:: WHAT YOU ARE ASKED TO DO ::
From the entries underneath, give the number of lines holding the word "rule", without any other words.

:: SUPPLIED ENTRIES ::
»»

lemma sum_powers_less_power: "(p :: nat) \<ge> 2 \<Longrightarrow> (\<Sum>y<w. p ^ y) < p ^ w"
proof (induction w)
  case (Suc w)
  then have "(\<Sum>y<Suc w. p ^ y) < 2 * p ^ w"
    by simp
  also have "\<dots> \<le> p ^ Suc w"
    using Suc.prems by simp
  finally show ?case .
qed simp

lemma card_near_powers_le:
  fixes k p N :: nat
  assumes "k > 0" "p \<ge> 2" "\<epsilon> \<ge> 0" "N > 0"
  shows "real (card (near_powers k p \<epsilon> \<inter> {..<N}))
    \<le> \<epsilon> * real (p * k * N) + 2 * (log p (real (k * N)) + 1)"
proof -
  define w where "w = floorlog p (k * N)"
  define I where "I y = {n :: nat. real (p ^ y) / k - 1 < real n \<and> real n < (1 + \<epsilon>) * real (p ^ y) / k}"
    for y
  have cover: "near_powers k p \<epsilon> \<inter> {..<N} \<subseteq> (\<Union>y<w. I y)"
  proof
    fix n assume "n \<in> near_powers k p \<epsilon> \<inter> {..<N}"
    then obtain y where y: "p ^ y < k * (n + 1)" "real (k * n) < (1 + \<epsilon>) * real (p ^ y)" "n < N"
      unfolding near_powers_def by blast
    have "k * (n + 1) \<le> k * N"
      using y(3) by (intro mult_le_mono2) simp
    then have "Suc y \<le> w"
      unfolding w_def using y(1) \<open>p \<ge> 2\<close> by (intro floorlog_ge_SucI) simp_all
    moreover have "real (p ^ y) < real k * (real n + 1)"
      using y(1) of_nat_less_iff[of "p ^ y" "k * (n + 1)", where 'a = real] by (simp add: algebra_simps)
    then have "real (p ^ y) / k - 1 < real n"
      using \<open>k > 0\<close> by (simp add: divide_less_eq algebra_simps)
    moreover have "real n < (1 + \<epsilon>) * real (p ^ y) / k"
      using y(2) \<open>k > 0\<close> by (simp add: less_divide_eq mult.commute)
    ultimately show "n \<in> (\<Union>y<w. I y)"
      unfolding I_def by auto
  qed
  have card_I: "real (card (I y)) \<le> \<epsilon> * real (p ^ y) + 2" for y
  proof -
    have "real (card (I y)) \<le> (1 + \<epsilon>) * real (p ^ y) / k - (real (p ^ y) / k - 1) + 1"
      unfolding I_def using assms by (intro card_real_interval_le) (simp add: field_simps)
    also have "\<dots> = \<epsilon> * real (p ^ y) / k + 2"
      using \<open>k > 0\<close> by (simp add: field_simps)
    also have "\<epsilon> * real (p ^ y) / k \<le> \<epsilon> * real (p ^ y) / 1"
      using assms by (intro divide_left_mono) simp_all
    finally show ?thesis
      by simp
  qed
  have "card (near_powers k p \<epsilon> \<inter> {..<N}) \<le> card (\<Union>y<w. I y)"
    using cover by (intro card_mono) (simp_all add: I_def finite_real_interval)
  also have "\<dots> \<le> (\<Sum>y<w. card (I y))"
    by (rule card_UN_le) simp
  finally have "real (card (near_powers k p \<epsilon> \<inter> {..<N})) \<le> (\<Sum>y<w. real (card (I y)))"
    by (metis of_nat_mono of_nat_sum)
  also have "\<dots> \<le> (\<Sum>y<w. \<epsilon> * real (p ^ y) + 2)"
    by (intro sum_mono card_I)
  also have "\<dots> = \<epsilon> * real (\<Sum>y<w. p ^ y) + 2 * real w"
    by (simp add: sum.distrib sum_distrib_left)
  also have "\<dots> \<le> \<epsilon> * real (p * k * N) + 2 * (log p (real (k * N)) + 1)"
  proof (rule add_mono)
    have "p ^ (w - 1) \<le> k * N"
      unfolding w_def using floorlog_bounds[of "k * N" p] assms by simp
    then have "p ^ w \<le> p * (k * N)"
      using assms by (cases w) auto
    then have "(\<Sum>y<w. p ^ y) \<le> p * k * N"
      using sum_powers_less_power[OF \<open>p \<ge> 2\<close>, of w] by (simp add: mult.assoc)
    then show "\<epsilon> * real (\<Sum>y<w. p ^ y) \<le> \<epsilon> * real (p * k * N)"
      using \<open>\<epsilon> \<ge> 0\<close> by (intro mult_left_mono of_nat_mono)
    have "w = nat \<lfloor>log p (real (k * N))\<rfloor> + 1" "log p (real (k * N)) \<ge> 0"
      unfolding w_def floorlog_def using assms mult_mono[of 1 "real k" 1 "real N"] by simp_all
    then show "2 * real w \<le> 2 * (log p (real (k * N)) + 1)"
      using floor_correct[of "log p (real (k * N))"] by simp
  qed
  finally show ?thesis .
qed

lemma ln_div_ln_irrational:
  fixes k p :: nat
  assumes "coprime k p" "k \<ge> 2" "p \<ge> 2"
  shows "ln k / ln p \<notin> \<rat>"
proof
  assume "ln k / ln p \<in> \<rat>"
  then obtain a b :: int where "b > 0" and ab: "ln k / ln p = of_int a / of_int b"
    by (rule Rats_cases') blast
  have "ln k > 0" "ln p > 0"
    using assms by simp_all
  then have "real_of_int a / real_of_int b > 0"
    using ab by (metis divide_pos_pos)
  then have "a > 0"
    using \<open>b > 0\<close> by (simp add: zero_less_divide_iff)
  have "real (nat b) * ln k = real (nat a) * ln p"
    using ab \<open>b > 0\<close> \<open>a > 0\<close> \<open>ln p > 0\<close> by (simp add: field_simps)
  then have "real (k ^ nat b) = real (p ^ nat a)"
    using assms by (simp add: ln_realpow[symmetric])
  then have "k ^ nat b = p ^ nat a"
    by (simp only: of_nat_eq_iff)
  moreover have "coprime (k ^ nat b) (p ^ nat a)"
    using \<open>coprime k p\<close> by simp
  ultimately have "k ^ nat b = 1"
    by simp
  then show False
    using \<open>b > 0\<close> \<open>k \<ge> 2\<close> by simp
qed

lemma power_slightly_above_power:
  fixes k p :: nat
  assumes "coprime k p" "k \<ge> 2" "p \<ge> 2" "\<epsilon> > 0"
  obtains i j where "real (p ^ j) < real (k ^ i)" "real (k ^ i) \<le> (1 + \<epsilon>) * real (p ^ j)"
proof -
  define \<theta> where "\<theta> = ln k / ln p"
  define \<eta> where "\<eta> = min 1 (ln (1 + \<epsilon>) / ln p)"
  have "ln p > 0" "ln k > 0" "\<theta> \<ge> 0"
    using assms by (simp_all add: \<theta>_def)
  then have "\<eta> > 0" "\<eta> \<le> 1"
    using \<open>\<epsilon> > 0\<close> by (simp_all add: \<eta>_def)
  obtain i where "i > 0" and i: "\<bar>frac (real i * \<theta>) - \<eta> / 2\<bar> < \<eta> / 2"
    using Kronecker_approx_1_explicit[of \<theta> "\<eta> / 2" "\<eta> / 2"] ln_div_ln_irrational[OF assms(1-3)]
      \<open>\<eta> > 0\<close> \<open>\<eta> \<le> 1\<close> unfolding \<theta>_def by auto
  define \<phi> where "\<phi> = frac (real i * \<theta>)"
  define j where "j = nat \<lfloor>real i * \<theta>\<rfloor>"
  have "0 < \<phi>" "\<phi> < \<eta>"
    using i unfolding \<phi>_def by linarith+
  have "real i * \<theta> = real j + \<phi>"
    using \<open>\<theta> \<ge> 0\<close> by (simp add: j_def \<phi>_def frac_def)
  then have "real i * ln k = real j * ln p + \<phi> * ln p"
    using \<open>ln p > 0\<close> by (simp add: \<theta>_def field_simps)
  then have "exp (real i * ln k) = exp (real j * ln p) * exp (\<phi> * ln p)"
    by (simp add: exp_add)
  then have power_eq: "real (k ^ i) = real (p ^ j) * exp (\<phi> * ln p)"
    using assms by (simp add: exp_of_nat_mult)
  have "1 < exp (\<phi> * ln p)"
    using \<open>0 < \<phi>\<close> \<open>ln p > 0\<close> by simp
  have "\<phi> * ln p \<le> ln (1 + \<epsilon>)"
    using \<open>\<phi> < \<eta>\<close> \<open>ln p > 0\<close> unfolding \<eta>_def by (simp add: field_simps)
  then have "exp (\<phi> * ln p) \<le> 1 + \<epsilon>"
    using \<open>\<epsilon> > 0\<close> by (metis exp_le_cancel_iff exp_ln add_pos_pos zero_less_one)
  have "real (p ^ j) > 0"
    using assms by simp
  show ?thesis
  proof (rule that)
    show "real (p ^ j) < real (k ^ i)"
      unfolding power_eq using mult_strict_left_mono[OF \<open>1 < exp (\<phi> * ln p)\<close> \<open>real (p ^ j) > 0\<close>]
      by simp
    show "real (k ^ i) \<le> (1 + \<epsilon>) * real (p ^ j)"
      unfolding power_eq using mult_left_mono[OF \<open>exp (\<phi> * ln p) \<le> 1 + \<epsilon>\<close>, of "real (p ^ j)"]
      by (simp add: mult.commute)
  qed
qed
lemma lex_max_add_in_supp_mult:
  assumes "\<alpha>\<^sub>0 \<in> supp a" "\<And>\<alpha>. \<alpha> \<in> supp a \<Longrightarrow> lex_le \<alpha> \<alpha>\<^sub>0"
    and "\<beta>\<^sub>0 \<in> supp b" "\<And>\<beta>. \<beta> \<in> supp b \<Longrightarrow> lex_le \<beta> \<beta>\<^sub>0"
  shows "\<alpha>\<^sub>0 + \<beta>\<^sub>0 \<in> supp (a * b)"
proof -
  obtain r where r: "\<And>p. p \<in> supp a \<times> supp b \<Longrightarrow> r p \<in> R - {0}"
    and ab: "a * b = (\<Sum>p\<in>supp a \<times> supp b. r p * mon x n (fst p + snd p))"
    by (rule mult_expansion[of a b]) blast
  have "{p \<in> supp a \<times> supp b. fst p + snd p = \<alpha>\<^sub>0 + \<beta>\<^sub>0} = {(\<alpha>\<^sub>0, \<beta>\<^sub>0)}"
  proof (intro equalityI subsetI)
    fix p assume "p \<in> {p \<in> supp a \<times> supp b. fst p + snd p = \<alpha>\<^sub>0 + \<beta>\<^sub>0}"
    then have "fst p = \<alpha>\<^sub>0 \<and> snd p = \<beta>\<^sub>0"
      using assms(2,4) lex_le_add_eq[of "fst p" \<alpha>\<^sub>0 "snd p" \<beta>\<^sub>0] by auto
    then show "p \<in> {(\<alpha>\<^sub>0, \<beta>\<^sub>0)}" by (cases p) simp
  qed (use assms(1,3) in simp)
  moreover have "fst p + snd p \<in> exps n" if "p \<in> supp a \<times> supp b" for p
    using that supp_subset_exps[of a] supp_subset_exps[of b] unfolding exps_def by auto
  ultimately have "coeff (a * b) (\<alpha>\<^sub>0 + \<beta>\<^sub>0) = r (\<alpha>\<^sub>0, \<beta>\<^sub>0)"
    unfolding ab using coeff_sum_monomials[of "supp a \<times> supp b" r] r finite_supp by simp
  then show ?thesis using r assms(1,3) unfolding supp_def by auto
qed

««

:: OUTPUT FOR THIS EXERCISE ::
5